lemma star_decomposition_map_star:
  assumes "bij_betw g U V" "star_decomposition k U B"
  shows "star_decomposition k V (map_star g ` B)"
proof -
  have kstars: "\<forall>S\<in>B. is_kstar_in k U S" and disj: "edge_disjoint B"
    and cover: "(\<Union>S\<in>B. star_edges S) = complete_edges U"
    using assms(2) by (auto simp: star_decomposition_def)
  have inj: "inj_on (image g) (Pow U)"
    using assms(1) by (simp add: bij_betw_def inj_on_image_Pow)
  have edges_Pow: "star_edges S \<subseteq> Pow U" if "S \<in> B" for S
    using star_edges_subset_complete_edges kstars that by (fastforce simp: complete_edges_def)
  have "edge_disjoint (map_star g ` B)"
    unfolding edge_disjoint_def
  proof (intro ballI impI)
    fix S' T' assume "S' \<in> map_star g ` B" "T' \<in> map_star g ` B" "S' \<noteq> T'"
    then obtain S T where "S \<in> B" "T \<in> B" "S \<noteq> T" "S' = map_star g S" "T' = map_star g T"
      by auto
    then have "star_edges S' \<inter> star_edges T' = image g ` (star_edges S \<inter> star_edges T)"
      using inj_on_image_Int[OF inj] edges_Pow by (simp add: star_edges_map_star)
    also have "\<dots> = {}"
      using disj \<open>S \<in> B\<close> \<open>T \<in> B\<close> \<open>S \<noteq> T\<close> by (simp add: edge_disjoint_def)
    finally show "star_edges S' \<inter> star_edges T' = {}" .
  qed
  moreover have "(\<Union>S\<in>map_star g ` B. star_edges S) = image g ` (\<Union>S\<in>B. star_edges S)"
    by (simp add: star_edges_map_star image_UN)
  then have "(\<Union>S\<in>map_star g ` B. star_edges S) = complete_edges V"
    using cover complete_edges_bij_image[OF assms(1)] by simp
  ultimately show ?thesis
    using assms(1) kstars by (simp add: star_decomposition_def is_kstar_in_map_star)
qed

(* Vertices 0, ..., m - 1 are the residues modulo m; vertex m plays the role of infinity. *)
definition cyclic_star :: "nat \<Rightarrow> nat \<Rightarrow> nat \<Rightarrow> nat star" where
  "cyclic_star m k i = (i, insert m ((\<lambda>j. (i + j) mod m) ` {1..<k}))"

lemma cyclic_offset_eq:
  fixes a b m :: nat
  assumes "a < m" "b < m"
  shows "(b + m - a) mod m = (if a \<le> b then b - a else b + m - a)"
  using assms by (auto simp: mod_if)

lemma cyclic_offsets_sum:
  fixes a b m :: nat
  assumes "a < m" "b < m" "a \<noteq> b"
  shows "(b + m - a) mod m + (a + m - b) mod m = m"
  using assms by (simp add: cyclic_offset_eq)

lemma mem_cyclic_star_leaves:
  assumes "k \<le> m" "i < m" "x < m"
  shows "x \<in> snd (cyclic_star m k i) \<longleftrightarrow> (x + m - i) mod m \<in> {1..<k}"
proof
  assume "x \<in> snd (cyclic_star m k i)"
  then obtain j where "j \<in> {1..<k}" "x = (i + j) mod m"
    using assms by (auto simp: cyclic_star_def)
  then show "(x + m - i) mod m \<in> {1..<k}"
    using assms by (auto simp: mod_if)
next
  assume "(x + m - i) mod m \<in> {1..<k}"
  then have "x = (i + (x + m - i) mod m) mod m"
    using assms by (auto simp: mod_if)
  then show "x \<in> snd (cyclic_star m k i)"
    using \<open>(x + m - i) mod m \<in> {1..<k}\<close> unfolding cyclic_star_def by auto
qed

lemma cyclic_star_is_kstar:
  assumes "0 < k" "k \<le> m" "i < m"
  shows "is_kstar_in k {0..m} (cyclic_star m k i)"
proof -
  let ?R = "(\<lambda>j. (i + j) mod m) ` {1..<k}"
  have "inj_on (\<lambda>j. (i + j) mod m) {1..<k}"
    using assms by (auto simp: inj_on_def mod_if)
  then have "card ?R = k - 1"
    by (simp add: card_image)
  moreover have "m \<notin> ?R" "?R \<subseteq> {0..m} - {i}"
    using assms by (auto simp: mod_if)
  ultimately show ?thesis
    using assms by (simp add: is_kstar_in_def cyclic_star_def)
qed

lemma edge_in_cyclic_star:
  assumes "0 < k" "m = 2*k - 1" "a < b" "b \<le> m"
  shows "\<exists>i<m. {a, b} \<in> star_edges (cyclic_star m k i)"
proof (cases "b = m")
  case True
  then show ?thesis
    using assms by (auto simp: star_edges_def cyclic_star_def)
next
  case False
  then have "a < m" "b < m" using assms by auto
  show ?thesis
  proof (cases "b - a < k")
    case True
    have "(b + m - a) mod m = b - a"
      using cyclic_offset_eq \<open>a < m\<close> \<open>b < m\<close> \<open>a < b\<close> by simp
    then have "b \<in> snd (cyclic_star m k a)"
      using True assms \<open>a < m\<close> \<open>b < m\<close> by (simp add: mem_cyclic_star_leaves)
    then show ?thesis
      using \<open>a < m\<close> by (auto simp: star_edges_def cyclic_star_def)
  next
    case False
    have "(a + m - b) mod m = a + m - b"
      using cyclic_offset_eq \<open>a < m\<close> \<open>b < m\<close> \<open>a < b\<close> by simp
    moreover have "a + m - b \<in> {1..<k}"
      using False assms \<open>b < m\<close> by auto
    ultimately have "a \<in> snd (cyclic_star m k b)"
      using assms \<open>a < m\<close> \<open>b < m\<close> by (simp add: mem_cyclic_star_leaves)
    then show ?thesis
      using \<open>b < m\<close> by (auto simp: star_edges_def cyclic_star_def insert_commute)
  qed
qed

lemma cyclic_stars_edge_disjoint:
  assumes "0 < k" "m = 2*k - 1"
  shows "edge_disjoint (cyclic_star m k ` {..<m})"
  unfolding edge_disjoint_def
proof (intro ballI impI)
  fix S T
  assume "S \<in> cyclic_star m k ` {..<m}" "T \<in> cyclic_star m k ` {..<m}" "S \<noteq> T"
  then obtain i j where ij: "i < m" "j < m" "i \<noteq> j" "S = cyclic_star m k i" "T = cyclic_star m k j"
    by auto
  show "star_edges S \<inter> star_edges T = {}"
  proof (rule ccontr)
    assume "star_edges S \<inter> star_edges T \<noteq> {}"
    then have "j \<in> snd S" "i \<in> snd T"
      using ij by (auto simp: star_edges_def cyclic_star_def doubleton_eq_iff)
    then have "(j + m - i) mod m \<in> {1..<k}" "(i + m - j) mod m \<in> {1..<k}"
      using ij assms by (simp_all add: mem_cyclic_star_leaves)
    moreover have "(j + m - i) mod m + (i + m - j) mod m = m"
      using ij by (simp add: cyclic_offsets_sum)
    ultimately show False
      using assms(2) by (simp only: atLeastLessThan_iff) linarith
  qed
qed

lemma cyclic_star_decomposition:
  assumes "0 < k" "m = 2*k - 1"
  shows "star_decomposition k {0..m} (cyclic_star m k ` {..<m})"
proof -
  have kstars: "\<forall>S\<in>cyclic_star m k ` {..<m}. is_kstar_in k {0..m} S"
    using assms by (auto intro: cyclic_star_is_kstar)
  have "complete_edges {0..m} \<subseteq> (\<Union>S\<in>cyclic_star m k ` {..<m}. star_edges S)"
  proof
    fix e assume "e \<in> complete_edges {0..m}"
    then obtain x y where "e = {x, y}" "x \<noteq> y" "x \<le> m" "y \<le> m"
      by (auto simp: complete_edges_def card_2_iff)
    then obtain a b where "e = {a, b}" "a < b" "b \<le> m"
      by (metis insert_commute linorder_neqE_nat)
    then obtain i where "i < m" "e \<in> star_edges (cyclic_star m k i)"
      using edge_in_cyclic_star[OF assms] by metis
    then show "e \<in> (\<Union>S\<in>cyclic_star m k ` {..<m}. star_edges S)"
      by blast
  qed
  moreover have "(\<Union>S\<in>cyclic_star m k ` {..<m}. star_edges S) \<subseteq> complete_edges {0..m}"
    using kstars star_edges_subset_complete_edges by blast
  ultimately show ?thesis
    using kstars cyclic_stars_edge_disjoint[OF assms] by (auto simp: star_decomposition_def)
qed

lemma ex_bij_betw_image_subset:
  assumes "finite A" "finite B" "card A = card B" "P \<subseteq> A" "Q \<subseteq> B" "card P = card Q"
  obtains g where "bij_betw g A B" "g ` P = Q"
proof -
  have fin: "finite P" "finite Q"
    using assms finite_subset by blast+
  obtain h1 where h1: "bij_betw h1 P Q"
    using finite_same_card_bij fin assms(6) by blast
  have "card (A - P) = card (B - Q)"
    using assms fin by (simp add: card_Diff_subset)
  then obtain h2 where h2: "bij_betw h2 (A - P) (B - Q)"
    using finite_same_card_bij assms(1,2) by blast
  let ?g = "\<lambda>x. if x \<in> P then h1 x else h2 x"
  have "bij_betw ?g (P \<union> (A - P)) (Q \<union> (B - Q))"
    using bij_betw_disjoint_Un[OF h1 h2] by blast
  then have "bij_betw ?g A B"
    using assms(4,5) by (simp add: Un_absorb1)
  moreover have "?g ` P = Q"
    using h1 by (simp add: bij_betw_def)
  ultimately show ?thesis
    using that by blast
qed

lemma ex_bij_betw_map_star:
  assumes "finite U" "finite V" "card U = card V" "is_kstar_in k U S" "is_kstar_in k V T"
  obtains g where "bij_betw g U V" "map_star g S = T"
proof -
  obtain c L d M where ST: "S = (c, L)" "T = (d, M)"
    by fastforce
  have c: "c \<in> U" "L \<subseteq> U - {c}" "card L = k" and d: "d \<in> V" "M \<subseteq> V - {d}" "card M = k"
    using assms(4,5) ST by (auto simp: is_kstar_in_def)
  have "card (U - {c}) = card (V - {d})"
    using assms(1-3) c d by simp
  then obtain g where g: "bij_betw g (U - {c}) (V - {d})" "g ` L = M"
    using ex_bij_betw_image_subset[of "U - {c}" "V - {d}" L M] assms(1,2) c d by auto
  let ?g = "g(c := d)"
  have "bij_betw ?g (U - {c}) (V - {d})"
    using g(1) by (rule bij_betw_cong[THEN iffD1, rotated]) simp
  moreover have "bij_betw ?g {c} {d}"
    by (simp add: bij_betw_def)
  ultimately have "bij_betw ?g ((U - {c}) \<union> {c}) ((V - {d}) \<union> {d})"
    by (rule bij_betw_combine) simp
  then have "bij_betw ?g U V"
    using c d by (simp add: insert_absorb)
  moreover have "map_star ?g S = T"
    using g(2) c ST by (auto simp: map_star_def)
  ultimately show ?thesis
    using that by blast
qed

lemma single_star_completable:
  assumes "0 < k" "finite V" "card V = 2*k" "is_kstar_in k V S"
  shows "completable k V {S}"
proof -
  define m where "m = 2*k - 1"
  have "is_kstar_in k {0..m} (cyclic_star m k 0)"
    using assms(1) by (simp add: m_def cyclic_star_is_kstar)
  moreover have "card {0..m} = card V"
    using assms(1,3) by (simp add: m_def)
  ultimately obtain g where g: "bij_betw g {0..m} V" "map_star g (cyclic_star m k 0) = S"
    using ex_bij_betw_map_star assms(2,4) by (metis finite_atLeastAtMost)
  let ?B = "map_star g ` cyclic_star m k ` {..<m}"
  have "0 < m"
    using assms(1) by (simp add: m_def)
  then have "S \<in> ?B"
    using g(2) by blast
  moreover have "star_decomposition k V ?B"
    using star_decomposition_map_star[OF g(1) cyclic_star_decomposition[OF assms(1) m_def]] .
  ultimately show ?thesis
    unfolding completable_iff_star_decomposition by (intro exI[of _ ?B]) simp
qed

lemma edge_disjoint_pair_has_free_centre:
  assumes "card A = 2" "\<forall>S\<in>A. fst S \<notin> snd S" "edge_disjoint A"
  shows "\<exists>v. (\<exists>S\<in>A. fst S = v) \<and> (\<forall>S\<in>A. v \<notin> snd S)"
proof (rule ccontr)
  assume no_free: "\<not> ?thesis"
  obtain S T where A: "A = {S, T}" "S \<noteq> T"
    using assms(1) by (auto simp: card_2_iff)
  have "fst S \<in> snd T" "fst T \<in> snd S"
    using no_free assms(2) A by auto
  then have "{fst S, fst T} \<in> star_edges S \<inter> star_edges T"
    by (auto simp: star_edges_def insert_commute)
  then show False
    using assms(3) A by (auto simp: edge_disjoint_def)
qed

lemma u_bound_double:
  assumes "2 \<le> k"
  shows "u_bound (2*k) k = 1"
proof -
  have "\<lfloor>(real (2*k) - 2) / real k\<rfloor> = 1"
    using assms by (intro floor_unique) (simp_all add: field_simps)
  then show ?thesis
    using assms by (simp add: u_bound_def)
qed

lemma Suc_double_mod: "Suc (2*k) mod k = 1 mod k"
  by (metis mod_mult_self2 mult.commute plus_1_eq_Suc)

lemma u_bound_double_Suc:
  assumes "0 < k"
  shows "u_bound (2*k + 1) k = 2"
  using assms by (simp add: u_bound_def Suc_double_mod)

▬▬▬

**BRIEF**
Retype only the lines above between the line with "(image g) (Pow" and the line with "using disj \<open>S", counting those two lines as well, and keep every character as it is.

**YOUR SOLUTION**
  have inj: "inj_on (image g) (Pow U)"
    using assms(1) by (simp add: bij_betw_def inj_on_image_Pow)
  have edges_Pow: "star_edges S \<subseteq> Pow U" if "S \<in> B" for S
    using star_edges_subset_complete_edges kstars that by (fastforce simp: complete_edges_def)
  have "edge_disjoint (map_star g ` B)"
    unfolding edge_disjoint_def
  proof (intro ballI impI)
    fix S' T' assume "S' \<in> map_star g ` B" "T' \<in> map_star g ` B" "S' \<noteq> T'"
    then obtain S T where "S \<in> B" "T \<in> B" "S \<noteq> T" "S' = map_star g S" "T' = map_star g T"
      by auto
    then have "star_edges S' \<inter> star_edges T' = image g ` (star_edges S \<inter> star_edges T)"
      using inj_on_image_Int[OF inj] edges_Pow by (simp add: star_edges_map_star)
    also have "\<dots> = {}"
      using disj \<open>S \<in> B\<close> \<open>T \<in> B\<close> \<open>S \<noteq> T\<close> by (simp add: edge_disjoint_def)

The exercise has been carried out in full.